Clinical Trial Details — Status: Completed

Administrative data

• NCT number: NCT04636970
• Other study ID #: LUHS002
• Status: Completed
• Phase: N/A
• Start date: November 19, 2020
• Est. completion date: April 30, 2022

Study information

• Verified date: August 2022
• Source: Lithuanian University of Health Sciences
• Contact: n/a
• Is FDA regulated: No
• Study type: Interventional

Clinical Trial Summary

To develop and investigate an unobtrusive technology for long-term monitoring of autonomic nervous system (ANS) function's response to daily physical stressors and exercise training for elderly patients with different frailty stages.

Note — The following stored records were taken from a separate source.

(* Let $h\ge1$ and $c$ be integers with $c>2(h+1)$. Let $G$ be the $h\times2^h$ binary reflected Gray code matrix: for $0\le m<2^h$, column $m$ of $G$ is the binary representation of $m\oplus\lfloor m/2\rfloor$ (bitwise XOR), with row $0$ the most significant bit and row $h-1$ the least significant bit. For $i\in\{0,\dots,c-1\}$ let $G^+(i)$ be the $c\times2^h$ binary matrix (rows indexed $0,\dots,c-1$) whose row $i$ is all ones, whose row $(i+k)\bmod c$ equals row $k-1$ of $G$ for $k=1,\dots,h$, and whose remaining rows are zero. Let $\mathbf{B}=[\,\mathbf{0}\;G^+(c-1)\;G^+(c-2)\;\cdots\;G^+(0)\,]$, a $c\times\ell$ matrix with $\ell=c2^h+1$, where $\mathbf{0}$ is the zero column. Then $\mathbf{B}$ satisfies: (1) the $2\ell$ vectors consisting of the columns of $\mathbf{B}$ and their binary complements are pairwise distinct; (2) the first column of $\mathbf{B}$ is zero; (3) every row of $\sigma(\mathbf{B})-\mathbf{B}$ has exactly $2^{h-1}+1$ entries equal to $-1$, where $\sigma(\mathbf{B})(\cdot,i)=\mathbf{B}(\cdot,(i+1)\bmod\ell)$.
   Context: Columns of $\mathbf{B}$ are indexed $0,\dots,\ell-1$. The number of $-1$ entries in a row of $\sigma(\mathbf{B})-\mathbf{B}$ is the number of positions $t$ with $\mathbf{B}(r,t)=1$ and $\mathbf{B}(r,(t+1)\bmod\ell)=0$. *)

theory Defs
  imports Main
begin

(* Binary matrices are represented as functions  row => column => int  (entries 0/1),
   with rows indexed 0..c-1 and columns 0..l-1. *)

definition gray :: "nat \<Rightarrow> nat \<Rightarrow> nat \<Rightarrow> int" where
  "gray h k m = (if bit (xor m (m div 2)) (h - 1 - k) then 1 else 0)"

definition Gplus :: "nat \<Rightarrow> nat \<Rightarrow> nat \<Rightarrow> nat \<Rightarrow> nat \<Rightarrow> int" where
  "Gplus h c i r m =
     (if r = i then 1
      else if (\<exists>k\<in>{1..h}. r = (i + k) mod c)
           then gray h ((THE k. k \<in> {1..h} \<and> r = (i + k) mod c) - 1) m
      else 0)"

(* B = [0  G^+(c-1)  G^+(c-2) ... G^+(0)], c x (c*2^h + 1). Column 1 + q*2^h + m
   (q < c, m < 2^h) is column m of G^+(c-1-q). *)
definition Bmat :: "nat \<Rightarrow> nat \<Rightarrow> nat \<Rightarrow> nat \<Rightarrow> int" where
  "Bmat h c r j =
     (if j = 0 then 0
      else Gplus h c (c - 1 - (j - 1) div 2 ^ h) r ((j - 1) mod 2 ^ h))"

definition ell :: "nat \<Rightarrow> nat \<Rightarrow> nat" where
  "ell h c = c * 2 ^ h + 1"

definition col :: "nat \<Rightarrow> (nat \<Rightarrow> nat \<Rightarrow> int) \<Rightarrow> nat \<Rightarrow> int list" where
  "col c B j = map (\<lambda>r. B r j) [0..<c]"

definition ccol :: "nat \<Rightarrow> (nat \<Rightarrow> nat \<Rightarrow> int) \<Rightarrow> nat \<Rightarrow> int list" where
  "ccol c B j = map (\<lambda>r. 1 - B r j) [0..<c]"

definition sigma :: "nat \<Rightarrow> (nat \<Rightarrow> nat \<Rightarrow> int) \<Rightarrow> nat \<Rightarrow> nat \<Rightarrow> int" where
  "sigma l B r i = B r ((i + 1) mod l)"

end

theory Submission
  imports Defs
begin
(* Let $\Sigma$ be a dec-DNNF circuit whose root is an $\wedge$-node with exactly two children $u$ and $w$, and let $S\subseteq \textit{IP}(\Sigma)$. Let $S_u=\{t_{var(\Sigma_u)} \mid t\in S\}$ and $S_w=\{t_{var(\Sigma_w)}\mid t\in S\}$. Then $S_u\subseteq \textit{IP}(\Sigma_u)$ and $S_w\subseteq\textit{IP}(\Sigma_w)$, and $S=\textit{IP}(\Sigma)$ if and only if $S_u=\textit{IP}(\Sigma_u)$, $S_w=\textit{IP}(\Sigma_w)$, and $S=\{t_u\wedge t_w \mid t_u\in S_u,\ t_w\in S_w\}$.
   Context: A term is a conjunction of literals (possibly the empty term $t_\emptyset$, equivalent to true). A term $t$ is an implicant of $f$ if $t\models f$, and prime if no term obtained by deleting a literal from $t$ is an implicant. $\textit{IP}(\cdot)$ denotes the set of prime implicants of the function computed by a circuit. A dec-DNNF circuit is a rooted DAG whose leaves are labelled $0$, $1$ or a literal and whose internal nodes are decision nodes (labelled by a variable $x$, with 0-child $u$ and 1-child $w$, computing $(\overline{x}\wedge f_u)\vee(x\wedge f_w)$) or $\wedge$-nodes whose children's subcircuits mention pairwise disjoint sets of variables. For a node $v$, $\Sigma_v$ is the subcircuit rooted at $v$ and $var(\Sigma_v)$ is the set of variables labelling leaves below $v$. For a term $t$ and a set of variables $X$, $t_X$ is the term consisting of the literals of $t$ whose variable is in $X$ (the empty term if there is none). *)

theory Defs
  imports Main
begin

text \<open>dec-DNNF circuits (represented as trees: sharing in the DAG does not affect the
  computed functions or variable sets).\<close>

datatype 'v circuit =
    CFalse
  | CTrue
  | Lit 'v bool
  | Dec 'v "'v circuit" "'v circuit"
  | And "'v circuit list"

fun eval :: "'v circuit \<Rightarrow> ('v \<Rightarrow> bool) \<Rightarrow> bool" where
  "eval CFalse a = False"
| "eval CTrue a = True"
| "eval (Lit x b) a = (a x = b)"
| "eval (Dec x u w) a = ((\<not> a x \<and> eval u a) \<or> (a x \<and> eval w a))"
| "eval (And cs) a = (\<forall>c\<in>set cs. eval c a)"

text \<open>Variables of a circuit. A decision node on x stands for the subcircuit
  (not x and u) or (x and w), whose leaves include the literals on x, so x is counted.\<close>
fun vars :: "'v circuit \<Rightarrow> 'v set" where
  "vars CFalse = {}"
| "vars CTrue = {}"
| "vars (Lit x b) = {x}"
| "vars (Dec x u w) = {x} \<union> vars u \<union> vars w"
| "vars (And cs) = (\<Union>c\<in>set cs. vars c)"

fun decDNNF :: "'v circuit \<Rightarrow> bool" where
  "decDNNF CFalse = True"
| "decDNNF CTrue = True"
| "decDNNF (Lit x b) = True"
| "decDNNF (Dec x u w) = (decDNNF u \<and> decDNNF w)"
| "decDNNF (And cs) = ((\<forall>c\<in>set cs. decDNNF c) \<and>
     (\<forall>i<length cs. \<forall>j<length cs. i \<noteq> j \<longrightarrow> vars (cs ! i) \<inter> vars (cs ! j) = {}))"

type_synonym 'v "term" = "('v \<times> bool) set"

definition is_term :: "'v term \<Rightarrow> bool" where
  "is_term t \<longleftrightarrow> finite t \<and> \<not> (\<exists>x. (x, True) \<in> t \<and> (x, False) \<in> t)"

definition sat_term :: "('v \<Rightarrow> bool) \<Rightarrow> 'v term \<Rightarrow> bool" where
  "sat_term a t \<longleftrightarrow> (\<forall>(x, b)\<in>t. a x = b)"

definition implicant :: "'v term \<Rightarrow> 'v circuit \<Rightarrow> bool" where
  "implicant t C \<longleftrightarrow> is_term t \<and> (\<forall>a. sat_term a t \<longrightarrow> eval C a)"

definition prime_implicant :: "'v term \<Rightarrow> 'v circuit \<Rightarrow> bool" where
  "prime_implicant t C \<longleftrightarrow> implicant t C \<and> (\<forall>l\<in>t. \<not> implicant (t - {l}) C)"

definition IP :: "'v circuit \<Rightarrow> 'v term set" where
  "IP C = {t. prime_implicant t C}"

definition restrict_term :: "'v term \<Rightarrow> 'v set \<Rightarrow> 'v term" where
  "restrict_term t X = {l \<in> t. fst l \<in> X}"

end

theory Submission
  imports Defs
begin

text \<open>Since \<open>u\<close> and \<open>w\<close> share no variable, and a prime implicant only mentions variables of
  its circuit, the prime implicants of \<open>u \<and> w\<close> are exactly the unions \<open>p \<union> q\<close> of a prime
  implicant \<open>p\<close> of \<open>u\<close> and a prime implicant \<open>q\<close> of \<open>w\<close>, and restriction to \<open>vars u\<close>
  and \<open>vars w\<close> recovers \<open>p\<close> and \<open>q\<close>. Hence \<open>S\<close> is all of \<open>IP (u \<and> w)\<close> iff it is the full
  product of its two projections and these are \<open>IP u\<close> and \<open>IP w\<close>; satisfiability makes
  \<open>IP u\<close> and \<open>IP w\<close> nonempty, so that the projections of \<open>IP (u \<and> w)\<close> are onto.\<close>

lemma eval_cong: "(\<And>x. x \<in> vars c \<Longrightarrow> a x = b x) \<Longrightarrow> eval c a = eval c b"
  by (induction c) auto

lemma finite_vars: "finite (vars c)"
  by (induction c) auto

lemma decDNNF_And_disjoint_vars:
  assumes "decDNNF (And [u, w])"
  shows "vars u \<inter> vars w = {}"
  using conjunct2[OF assms[unfolded decDNNF.simps], rule_format, of 0 1] by simp

lemma is_term_subset: "is_term t \<Longrightarrow> s \<subseteq> t \<Longrightarrow> is_term s"
  unfolding is_term_def by (meson finite_subset subsetD)

lemma is_term_consistent: "is_term t \<Longrightarrow> (x, v) \<in> t \<Longrightarrow> (x, v') \<in> t \<Longrightarrow> v = v'"
  unfolding is_term_def by (cases v; cases v') auto

lemma implicant_mono: "implicant s c \<Longrightarrow> s \<subseteq> t \<Longrightarrow> is_term t \<Longrightarrow> implicant t c"
  unfolding implicant_def sat_term_def by blast

lemma implicant_And: "implicant t (And cs) \<longleftrightarrow> is_term t \<and> (\<forall>c\<in>set cs. implicant t c)"
  unfolding implicant_def by auto

lemma prime_implicant_cong:
  "(\<And>a. eval c a = eval d a) \<Longrightarrow> prime_implicant t c \<longleftrightarrow> prime_implicant t d"
  unfolding prime_implicant_def implicant_def by simp

lemma IP_And_commute: "IP (And [w, u]) = IP (And [u, w])"
proof -
  have "eval (And [w, u]) a = eval (And [u, w]) a" for a by auto
  then have "prime_implicant t (And [w, u]) \<longleftrightarrow> prime_implicant t (And [u, w])" for t
    by (rule prime_implicant_cong)
  then show ?thesis unfolding IP_def by simp
qed

lemma prime_implicant_vars:
  assumes "prime_implicant t c" and "(x, b) \<in> t"
  shows "x \<in> vars c"
proof (rule ccontr)
  assume x: "x \<notin> vars c"
  have imp: "implicant t c" and t: "is_term t"
    using assms(1) unfolding prime_implicant_def implicant_def by auto
  have "implicant (t - {(x, b)}) c"
    unfolding implicant_def
  proof (intro conjI allI impI)
    show "is_term (t - {(x, b)})" using t by (rule is_term_subset) blast
    fix a assume sat: "sat_term a (t - {(x, b)})"
    have "sat_term (a(x := b)) t"
      unfolding sat_term_def
    proof clarify
      fix y v assume yv: "(y, v) \<in> t"
      show "(a(x := b)) y = v"
      proof (cases "y = x")
        case True
        with is_term_consistent[OF t assms(2)] yv show ?thesis by auto
      next
        case False
        with sat yv show ?thesis unfolding sat_term_def by auto
      qed
    qed
    then have "eval c (a(x := b))" using imp unfolding implicant_def by blast
    then show "eval c a" using x by (subst eval_cong[of c a "a(x := b)"]) auto
  qed
  then show False using assms unfolding prime_implicant_def by blast
qed

lemma sat_term_extend:
  assumes "is_term t" and "sat_term a (restrict_term t X)"
  obtains b where "sat_term b t" and "\<forall>x\<in>X. b x = a x"
proof
  let ?b = "\<lambda>x. if x \<in> X then a x else (x, True) \<in> t"
  show "sat_term ?b t"
    unfolding sat_term_def
  proof clarify
    fix x v assume xv: "(x, v) \<in> t"
    show "?b x = v"
    proof (cases "x \<in> X")
      case True
      with xv assms(2) show ?thesis unfolding sat_term_def restrict_term_def by auto
    next
      case False
      with xv is_term_consistent[OF assms(1) xv, of True] show ?thesis by (cases v) auto
    qed
  qed
qed simp
text \<open>Take \<open>y\<close> with \<open>g \<in> \<langle>y\<rangle>\<close> and \<open>\<langle>y\<rangle>\<close> of maximal order: for \<open>c \<in> Cyc G\<close> the
  cyclic group \<open>\<langle>c, y\<rangle>\<close> contains \<open>\<langle>y\<rangle>\<close>, so equals it.\<close>
lemma ex_generate_singleton_supset_Cyc:
  assumes fin: "finite (carrier G)" and g: "g \<in> carrier G"
  shows "\<exists>y \<in> carrier G. g \<in> generate G {y} \<and> Cyc G \<subseteq> generate G {y}"
proof -
  define P where "P y \<longleftrightarrow> y \<in> carrier G \<and> g \<in> generate G {y}" for y
  have "P g" unfolding P_def using g generate.incl[of g "{g}" G] by auto
  moreover have "card (generate G {y}) < Suc (card (carrier G))" if "P y" for y
    using that fin unfolding P_def by (simp add: card_mono generate_incl le_imp_less_Suc)
  ultimately obtain y where "P y" and y_max: "\<And>z. P z \<Longrightarrow> card (generate G {z}) \<le> card (generate G {y})"
    using ex_has_greatest_nat[of P g "\<lambda>y. card (generate G {y})"] by metis
  then have y: "y \<in> carrier G" "g \<in> generate G {y}" unfolding P_def by auto
  have "c \<in> generate G {y}" if "c \<in> Cyc G" for c
  proof -
    have cy: "{c, y} \<subseteq> carrier G" "cyclic_group (subgroup_generated G {c, y})"
      using that y(1) unfolding Cyc_def by auto
    then obtain z where z: "z \<in> carrier G" "generate G {c, y} = generate G {z}"
      using cyclic_group_subgroup_generated_iff by blast
    then have "generate G {y} \<subseteq> generate G {z}"
      using generate.incl[of y "{c, y}" G] by (intro generate_subgroup_incl generate_is_subgroup) auto
    moreover have "P z" using z(1) y(2) calculation unfolding P_def by auto
    then have "card (generate G {z}) \<le> card (generate G {y})" by (rule y_max)
    moreover have "finite (generate G {z})"
      using z(1) fin by (auto intro: finite_subset[OF generate_incl])
    ultimately have "generate G {y} = generate G {z}" by (meson card_seteq)
    then show "c \<in> generate G {y}" using z(2) generate.incl[of c "{c, y}" G] by auto
  qed
  then show ?thesis using y by blast
qed

lemma subgroup_Cyc:
  assumes fin: "finite (carrier G)"
  shows "subgroup (Cyc G) G"
proof -
  have in_Cyc: "c \<in> Cyc G"
    if "c \<in> carrier G"
      and "\<And>y. y \<in> carrier G \<Longrightarrow> Cyc G \<subseteq> generate G {y} \<Longrightarrow> c \<in> generate G {y}" for c
    using that by (metis mem_CycI[OF fin] ex_generate_singleton_supset_Cyc[OF fin])
  show ?thesis
  proof (rule subgroupI)
    show "Cyc G \<subseteq> carrier G" unfolding Cyc_def by auto
    show "Cyc G \<noteq> {}" using in_Cyc[OF one_closed] generate.one by blast
  next
    fix a b assume "a \<in> Cyc G" "b \<in> Cyc G"
    then have "a \<in> carrier G" "b \<in> carrier G" unfolding Cyc_def by auto
    show "inv a \<in> Cyc G" "a \<otimes> b \<in> Cyc G"
      using \<open>a \<in> Cyc G\<close> \<open>b \<in> Cyc G\<close> \<open>a \<in> carrier G\<close> \<open>b \<in> carrier G\<close>
      by (auto intro!: in_Cyc generate_m_inv_closed generate.eng simp: subset_iff)
  qed
qed

lemma normal_Cyc:
  assumes fin: "finite (carrier G)"
  shows "Cyc G \<lhd> G"
  unfolding normal_inv_iff
proof (intro conjI ballI subgroup_Cyc[OF fin])
  fix x h assume x: "x \<in> carrier G" and h: "h \<in> Cyc G"
  obtain y where y: "y \<in> carrier G" "x \<in> generate G {y}" "Cyc G \<subseteq> generate G {y}"
    using ex_generate_singleton_supset_Cyc[OF fin x] by blast
  have "h \<in> carrier G" using h unfolding Cyc_def by auto
  moreover have "x \<otimes> h = h \<otimes> x" using generate_singleton_comm y h by blast
  ultimately show "x \<otimes> h \<otimes> inv x \<in> Cyc G" using x h by (simp add: m_assoc)
qed

lemma ex_Cyc_twist_generate_eq:
  assumes fin: "finite (carrier G)" and H: "subgroup H G" and "B \<subseteq> H" and "x \<in> B"
    and gen: "H \<subseteq> generate G (B \<union> (H \<inter> Cyc G))"
  shows "\<exists>c \<in> H \<inter> Cyc G. generate G (insert (x \<otimes> c) (B - {x})) = H"
proof -
  have x: "x \<in> carrier G" using assms(3,4) subgroup.subset[OF H] by blast
  obtain y where y: "y \<in> carrier G" "x \<in> generate G {y}" "Cyc G \<subseteq> generate G {y}"
    using ex_generate_singleton_supset_Cyc[OF fin x] by blast
  obtain m where m: "m \<in> H \<inter> Cyc G" "H \<inter> Cyc G = generate G {m}"
    using subgroup_of_generate_singleton_is_generate_singleton[OF fin y(1)
        subgroups_Inter_pair[OF H subgroup_Cyc[OF fin]]] y(3)
    by blast
  obtain c where c: "c \<in> generate G {m}" "x \<in> generate G {x \<otimes> c}" "m \<in> generate G {x \<otimes> c}"
    using ex_mult_generates_both[OF fin y(1,2)] m(1) y(3) by blast
  define Y where "Y = insert (x \<otimes> c) (B - {x})"
  have "c \<in> H" "c \<in> carrier G" using c(1) m(2) subgroup.subset[OF H] by auto
  then have YH: "Y \<subseteq> H" unfolding Y_def using assms(3,4) H by (auto intro: subgroup.m_closed)
  then have Y: "Y \<subseteq> carrier G" using subgroup.subset[OF H] by blast
  have xc: "generate G {x \<otimes> c} \<subseteq> generate G Y"
    unfolding Y_def by (rule mono_generate) simp
  have "B \<subseteq> generate G Y"
    using c(2) xc generate.incl[of _ Y G] unfolding Y_def by blast
  moreover have "H \<inter> Cyc G \<subseteq> generate G Y"
    unfolding m(2) using c(3) xc Y by (intro generate_subgroup_incl generate_is_subgroup) auto
  ultimately have "generate G (B \<union> (H \<inter> Cyc G)) \<subseteq> generate G Y"
    using Y by (intro generate_subgroup_incl generate_is_subgroup) auto
  moreover have "generate G Y \<subseteq> H" using YH H by (rule generate_subgroup_incl)
  ultimately show ?thesis using gen c(1) m(2) unfolding Y_def by blast
qed

lemma subset_generate_Un_inter_if_rcosets_cover:
  assumes N: "subgroup N G" and H: "subgroup H G" and "B \<subseteq> H"
    and cover: "(\<lambda>a. N #> a) ` H \<subseteq> (\<lambda>a. N #> a) ` generate G B"
  shows "H \<subseteq> generate G (B \<union> (H \<inter> N))"
proof
  fix h assume h: "h \<in> H"
  then obtain w where w: "w \<in> generate G B" "N #> h = N #> w" using cover by blast
  have "w \<in> H" using w(1) \<open>B \<subseteq> H\<close> H generate_subgroup_incl by blast
  have "h \<in> carrier G" "w \<in> carrier G" using h \<open>w \<in> H\<close> subgroup.subset[OF H] by auto
  then have "h \<in> N #> w" using w(2) rcos_self[OF _ N] by metis
  then have "h \<otimes> inv w \<in> N"
    using subgroup.rcos_module_imp[OF N is_group \<open>w \<in> carrier G\<close>] by blast
  moreover have "h \<otimes> inv w \<in> H"
    using h \<open>w \<in> H\<close> H by (simp add: subgroup.m_closed subgroup.m_inv_closed)
  ultimately have "h \<otimes> inv w \<in> generate G (B \<union> (H \<inter> N))" by (simp add: generate.incl)
  moreover have "w \<in> generate G (B \<union> (H \<inter> N))" using w(1) mono_generate[of B] by blast
  ultimately have "h \<otimes> inv w \<otimes> w \<in> generate G (B \<union> (H \<inter> N))" by (rule generate.eng)
  then show "h \<in> generate G (B \<union> (H \<inter> N))"
    using \<open>h \<in> carrier G\<close> \<open>w \<in> carrier G\<close> by (simp add: m_assoc)
qed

Recruitment information / eligibility

• Status: Completed
• Enrollment: 100
• Est. completion date: April 30, 2022
• Est. primary completion date: April 30, 2022
• Accepts healthy volunteers: No
• Gender: All
• Age group: 65 Years and older

Eligibility

Inclusion Criteria:

• Patients admitted to CR after open heart surgery.
• Age 65 years and older.
• 6-minute walk distance (6-MWD) =150 meters.
• Patient's agreement to participate in the study.
• Edomonton Frailty Scale score 5 points and more

Exclusion Criteria:

• Cardiac devices (due to artificially altered heart rate series)
• Diseases in the musculoskeletal system or other organs complicating physical activity and exercise training;
• Exercise-limiting comorbidities (primarily orthopedic and neurological conditions that would exclude individuals from participating in CR according to study protocol), including chronic heart failure New York Heart Association Class IV, hemoglobin less than 9 g/dL, wound healing disturbance, cognitive or linguistic deficits.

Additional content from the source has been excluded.